[RECORDS PROVIDED Boundary: Start]

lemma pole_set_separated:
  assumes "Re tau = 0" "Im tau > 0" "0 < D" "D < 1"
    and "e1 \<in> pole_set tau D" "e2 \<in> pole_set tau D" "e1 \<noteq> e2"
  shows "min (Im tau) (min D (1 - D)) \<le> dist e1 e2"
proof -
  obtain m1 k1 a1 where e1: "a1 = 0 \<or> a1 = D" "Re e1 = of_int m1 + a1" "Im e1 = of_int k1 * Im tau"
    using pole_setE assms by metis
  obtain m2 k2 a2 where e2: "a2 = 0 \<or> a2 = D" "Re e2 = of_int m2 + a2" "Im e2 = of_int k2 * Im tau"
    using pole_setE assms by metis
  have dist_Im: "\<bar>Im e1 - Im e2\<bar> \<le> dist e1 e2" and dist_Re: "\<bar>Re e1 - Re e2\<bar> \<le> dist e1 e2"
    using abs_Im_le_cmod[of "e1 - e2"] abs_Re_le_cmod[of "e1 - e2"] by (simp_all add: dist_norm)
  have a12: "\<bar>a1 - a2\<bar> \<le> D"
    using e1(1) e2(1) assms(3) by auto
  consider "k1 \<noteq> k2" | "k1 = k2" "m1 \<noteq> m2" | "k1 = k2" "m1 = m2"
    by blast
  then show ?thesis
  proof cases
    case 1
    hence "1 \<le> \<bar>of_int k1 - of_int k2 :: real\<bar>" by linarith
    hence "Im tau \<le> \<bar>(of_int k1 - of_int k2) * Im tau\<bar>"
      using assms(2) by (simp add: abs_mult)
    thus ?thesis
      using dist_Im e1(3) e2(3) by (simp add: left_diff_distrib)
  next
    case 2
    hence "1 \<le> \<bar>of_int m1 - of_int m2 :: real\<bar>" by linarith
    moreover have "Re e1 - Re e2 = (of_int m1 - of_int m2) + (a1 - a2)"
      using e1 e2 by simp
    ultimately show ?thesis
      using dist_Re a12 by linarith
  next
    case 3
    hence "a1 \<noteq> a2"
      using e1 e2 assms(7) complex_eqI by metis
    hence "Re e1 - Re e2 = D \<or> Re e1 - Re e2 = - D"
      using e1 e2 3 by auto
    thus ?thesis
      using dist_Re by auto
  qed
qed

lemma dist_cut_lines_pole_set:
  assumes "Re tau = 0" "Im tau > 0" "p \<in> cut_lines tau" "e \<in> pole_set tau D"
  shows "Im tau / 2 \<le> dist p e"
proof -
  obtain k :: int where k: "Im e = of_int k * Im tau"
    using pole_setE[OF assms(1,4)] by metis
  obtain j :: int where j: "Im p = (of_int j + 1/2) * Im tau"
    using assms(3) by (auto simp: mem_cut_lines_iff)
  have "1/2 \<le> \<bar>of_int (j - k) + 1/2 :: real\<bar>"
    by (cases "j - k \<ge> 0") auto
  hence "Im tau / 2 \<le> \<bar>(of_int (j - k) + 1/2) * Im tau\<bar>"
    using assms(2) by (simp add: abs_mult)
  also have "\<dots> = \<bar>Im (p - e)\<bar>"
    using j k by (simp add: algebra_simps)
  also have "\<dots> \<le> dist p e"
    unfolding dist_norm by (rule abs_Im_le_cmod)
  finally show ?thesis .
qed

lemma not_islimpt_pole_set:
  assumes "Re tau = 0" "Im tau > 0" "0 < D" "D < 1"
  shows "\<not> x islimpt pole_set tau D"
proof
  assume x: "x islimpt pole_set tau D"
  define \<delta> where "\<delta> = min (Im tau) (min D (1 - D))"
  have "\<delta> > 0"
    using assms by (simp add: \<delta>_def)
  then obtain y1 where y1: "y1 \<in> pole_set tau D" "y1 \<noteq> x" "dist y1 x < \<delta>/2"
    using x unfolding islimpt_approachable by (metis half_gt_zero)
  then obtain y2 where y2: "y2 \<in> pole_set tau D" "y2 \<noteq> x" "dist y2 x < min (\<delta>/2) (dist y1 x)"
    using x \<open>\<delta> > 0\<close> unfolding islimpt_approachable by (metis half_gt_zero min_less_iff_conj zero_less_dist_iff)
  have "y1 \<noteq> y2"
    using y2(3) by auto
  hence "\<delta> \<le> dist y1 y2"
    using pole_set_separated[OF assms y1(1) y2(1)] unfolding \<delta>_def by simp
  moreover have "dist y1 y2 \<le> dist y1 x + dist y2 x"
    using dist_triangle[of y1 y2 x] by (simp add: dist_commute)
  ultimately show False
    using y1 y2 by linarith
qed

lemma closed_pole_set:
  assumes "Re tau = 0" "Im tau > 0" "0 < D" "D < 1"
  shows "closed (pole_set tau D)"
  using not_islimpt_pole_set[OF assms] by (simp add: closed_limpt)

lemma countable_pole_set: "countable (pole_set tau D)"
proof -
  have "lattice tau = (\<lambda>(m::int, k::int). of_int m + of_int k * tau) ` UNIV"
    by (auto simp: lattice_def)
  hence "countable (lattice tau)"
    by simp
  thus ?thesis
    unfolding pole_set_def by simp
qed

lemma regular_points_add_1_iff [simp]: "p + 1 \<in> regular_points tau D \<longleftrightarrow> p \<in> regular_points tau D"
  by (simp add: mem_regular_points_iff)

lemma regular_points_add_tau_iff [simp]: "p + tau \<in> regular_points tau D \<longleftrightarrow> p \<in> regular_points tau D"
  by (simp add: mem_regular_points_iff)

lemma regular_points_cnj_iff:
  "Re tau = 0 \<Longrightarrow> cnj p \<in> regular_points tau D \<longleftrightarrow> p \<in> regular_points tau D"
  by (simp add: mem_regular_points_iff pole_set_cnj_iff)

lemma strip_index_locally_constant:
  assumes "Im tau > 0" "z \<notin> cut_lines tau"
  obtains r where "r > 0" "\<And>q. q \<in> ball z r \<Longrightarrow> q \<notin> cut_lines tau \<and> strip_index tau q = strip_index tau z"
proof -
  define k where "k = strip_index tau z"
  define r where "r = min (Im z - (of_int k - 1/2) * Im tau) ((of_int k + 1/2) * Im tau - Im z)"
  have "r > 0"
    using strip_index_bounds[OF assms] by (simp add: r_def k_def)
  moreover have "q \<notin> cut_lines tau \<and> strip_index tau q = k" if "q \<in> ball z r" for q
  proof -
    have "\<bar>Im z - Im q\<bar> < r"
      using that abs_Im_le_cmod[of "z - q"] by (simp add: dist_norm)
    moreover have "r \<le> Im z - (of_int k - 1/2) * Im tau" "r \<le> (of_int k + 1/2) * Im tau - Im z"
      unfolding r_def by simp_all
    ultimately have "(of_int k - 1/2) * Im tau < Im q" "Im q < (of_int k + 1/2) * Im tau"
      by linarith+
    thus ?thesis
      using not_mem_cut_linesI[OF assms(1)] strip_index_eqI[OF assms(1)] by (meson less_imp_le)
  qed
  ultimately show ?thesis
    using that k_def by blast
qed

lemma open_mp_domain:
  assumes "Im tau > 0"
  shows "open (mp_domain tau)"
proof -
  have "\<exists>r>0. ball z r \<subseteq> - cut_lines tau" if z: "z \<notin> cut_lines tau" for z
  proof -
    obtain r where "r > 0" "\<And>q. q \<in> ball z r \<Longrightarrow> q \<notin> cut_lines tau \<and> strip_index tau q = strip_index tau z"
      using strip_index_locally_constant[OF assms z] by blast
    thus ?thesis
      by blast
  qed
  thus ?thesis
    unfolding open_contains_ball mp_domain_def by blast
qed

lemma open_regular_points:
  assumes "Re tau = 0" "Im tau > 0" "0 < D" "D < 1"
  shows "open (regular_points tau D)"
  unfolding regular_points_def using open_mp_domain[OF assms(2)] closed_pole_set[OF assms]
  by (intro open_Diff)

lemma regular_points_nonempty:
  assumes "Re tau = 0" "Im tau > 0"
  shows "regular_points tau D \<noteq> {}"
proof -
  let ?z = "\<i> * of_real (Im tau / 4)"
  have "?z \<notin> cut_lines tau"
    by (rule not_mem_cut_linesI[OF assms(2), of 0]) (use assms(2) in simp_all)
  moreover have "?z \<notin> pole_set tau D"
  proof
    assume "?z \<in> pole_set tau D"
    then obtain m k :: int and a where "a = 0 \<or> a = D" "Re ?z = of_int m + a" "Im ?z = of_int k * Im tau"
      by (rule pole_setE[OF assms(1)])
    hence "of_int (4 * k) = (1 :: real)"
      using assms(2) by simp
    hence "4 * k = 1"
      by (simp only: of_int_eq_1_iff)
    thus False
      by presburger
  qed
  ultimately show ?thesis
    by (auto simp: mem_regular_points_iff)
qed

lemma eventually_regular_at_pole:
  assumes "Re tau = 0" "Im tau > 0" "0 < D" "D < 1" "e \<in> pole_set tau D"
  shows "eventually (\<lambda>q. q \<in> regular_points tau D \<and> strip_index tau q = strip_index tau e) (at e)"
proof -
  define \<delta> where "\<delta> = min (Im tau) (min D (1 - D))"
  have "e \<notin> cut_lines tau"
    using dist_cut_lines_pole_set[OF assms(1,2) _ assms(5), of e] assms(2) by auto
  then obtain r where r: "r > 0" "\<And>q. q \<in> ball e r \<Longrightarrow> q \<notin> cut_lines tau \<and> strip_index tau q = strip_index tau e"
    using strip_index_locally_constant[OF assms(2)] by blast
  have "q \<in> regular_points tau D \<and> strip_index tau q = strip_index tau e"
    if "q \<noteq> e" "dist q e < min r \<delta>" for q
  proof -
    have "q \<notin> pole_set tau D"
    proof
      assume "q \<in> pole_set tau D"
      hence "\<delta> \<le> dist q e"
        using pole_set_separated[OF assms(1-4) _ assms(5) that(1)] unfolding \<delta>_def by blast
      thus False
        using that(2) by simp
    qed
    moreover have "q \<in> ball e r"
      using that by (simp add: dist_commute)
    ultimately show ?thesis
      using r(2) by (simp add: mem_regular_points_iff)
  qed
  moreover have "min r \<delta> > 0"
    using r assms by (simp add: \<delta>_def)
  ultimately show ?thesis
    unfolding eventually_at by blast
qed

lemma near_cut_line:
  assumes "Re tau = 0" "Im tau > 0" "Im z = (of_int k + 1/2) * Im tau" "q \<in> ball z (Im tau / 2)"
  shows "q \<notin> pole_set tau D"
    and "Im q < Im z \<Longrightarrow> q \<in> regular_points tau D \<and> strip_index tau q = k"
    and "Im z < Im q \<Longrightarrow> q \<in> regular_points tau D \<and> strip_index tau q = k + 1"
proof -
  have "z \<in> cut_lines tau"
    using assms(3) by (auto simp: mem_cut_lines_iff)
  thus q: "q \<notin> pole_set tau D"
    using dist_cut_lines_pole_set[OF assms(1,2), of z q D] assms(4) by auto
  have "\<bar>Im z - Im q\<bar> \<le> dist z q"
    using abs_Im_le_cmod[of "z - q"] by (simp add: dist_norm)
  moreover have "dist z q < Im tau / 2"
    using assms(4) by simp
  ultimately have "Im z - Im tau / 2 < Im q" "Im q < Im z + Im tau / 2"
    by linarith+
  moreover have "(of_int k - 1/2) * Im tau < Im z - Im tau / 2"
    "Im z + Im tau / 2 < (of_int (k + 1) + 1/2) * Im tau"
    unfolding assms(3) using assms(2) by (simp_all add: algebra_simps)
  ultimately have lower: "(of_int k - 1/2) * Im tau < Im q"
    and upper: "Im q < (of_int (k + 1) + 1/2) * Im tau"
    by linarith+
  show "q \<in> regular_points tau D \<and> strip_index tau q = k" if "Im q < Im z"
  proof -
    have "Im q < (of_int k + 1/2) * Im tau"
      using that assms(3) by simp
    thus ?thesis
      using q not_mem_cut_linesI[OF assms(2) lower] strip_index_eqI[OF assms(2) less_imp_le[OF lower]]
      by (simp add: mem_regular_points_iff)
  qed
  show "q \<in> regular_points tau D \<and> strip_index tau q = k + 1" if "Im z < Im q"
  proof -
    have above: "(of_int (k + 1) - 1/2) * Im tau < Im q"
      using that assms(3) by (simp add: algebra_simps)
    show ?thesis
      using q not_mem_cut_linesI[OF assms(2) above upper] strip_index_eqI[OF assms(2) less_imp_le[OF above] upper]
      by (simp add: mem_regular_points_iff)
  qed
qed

[RECORDS PROVIDED Boundary: End]

**TASK DESCRIPTION**
Between the first line of the entries above and the line with "(simp_all add: dist_norm)", both included, copy every line exactly and nothing outside that range.

**OUTPUT OF THE EXERCISE**
lemma pole_set_separated:
  assumes "Re tau = 0" "Im tau > 0" "0 < D" "D < 1"
    and "e1 \<in> pole_set tau D" "e2 \<in> pole_set tau D" "e1 \<noteq> e2"
  shows "min (Im tau) (min D (1 - D)) \<le> dist e1 e2"
proof -
  obtain m1 k1 a1 where e1: "a1 = 0 \<or> a1 = D" "Re e1 = of_int m1 + a1" "Im e1 = of_int k1 * Im tau"
    using pole_setE assms by metis
  obtain m2 k2 a2 where e2: "a2 = 0 \<or> a2 = D" "Re e2 = of_int m2 + a2" "Im e2 = of_int k2 * Im tau"
    using pole_setE assms by metis
  have dist_Im: "\<bar>Im e1 - Im e2\<bar> \<le> dist e1 e2" and dist_Re: "\<bar>Re e1 - Re e2\<bar> \<le> dist e1 e2"
    using abs_Im_le_cmod[of "e1 - e2"] abs_Re_le_cmod[of "e1 - e2"] by (simp_all add: dist_norm)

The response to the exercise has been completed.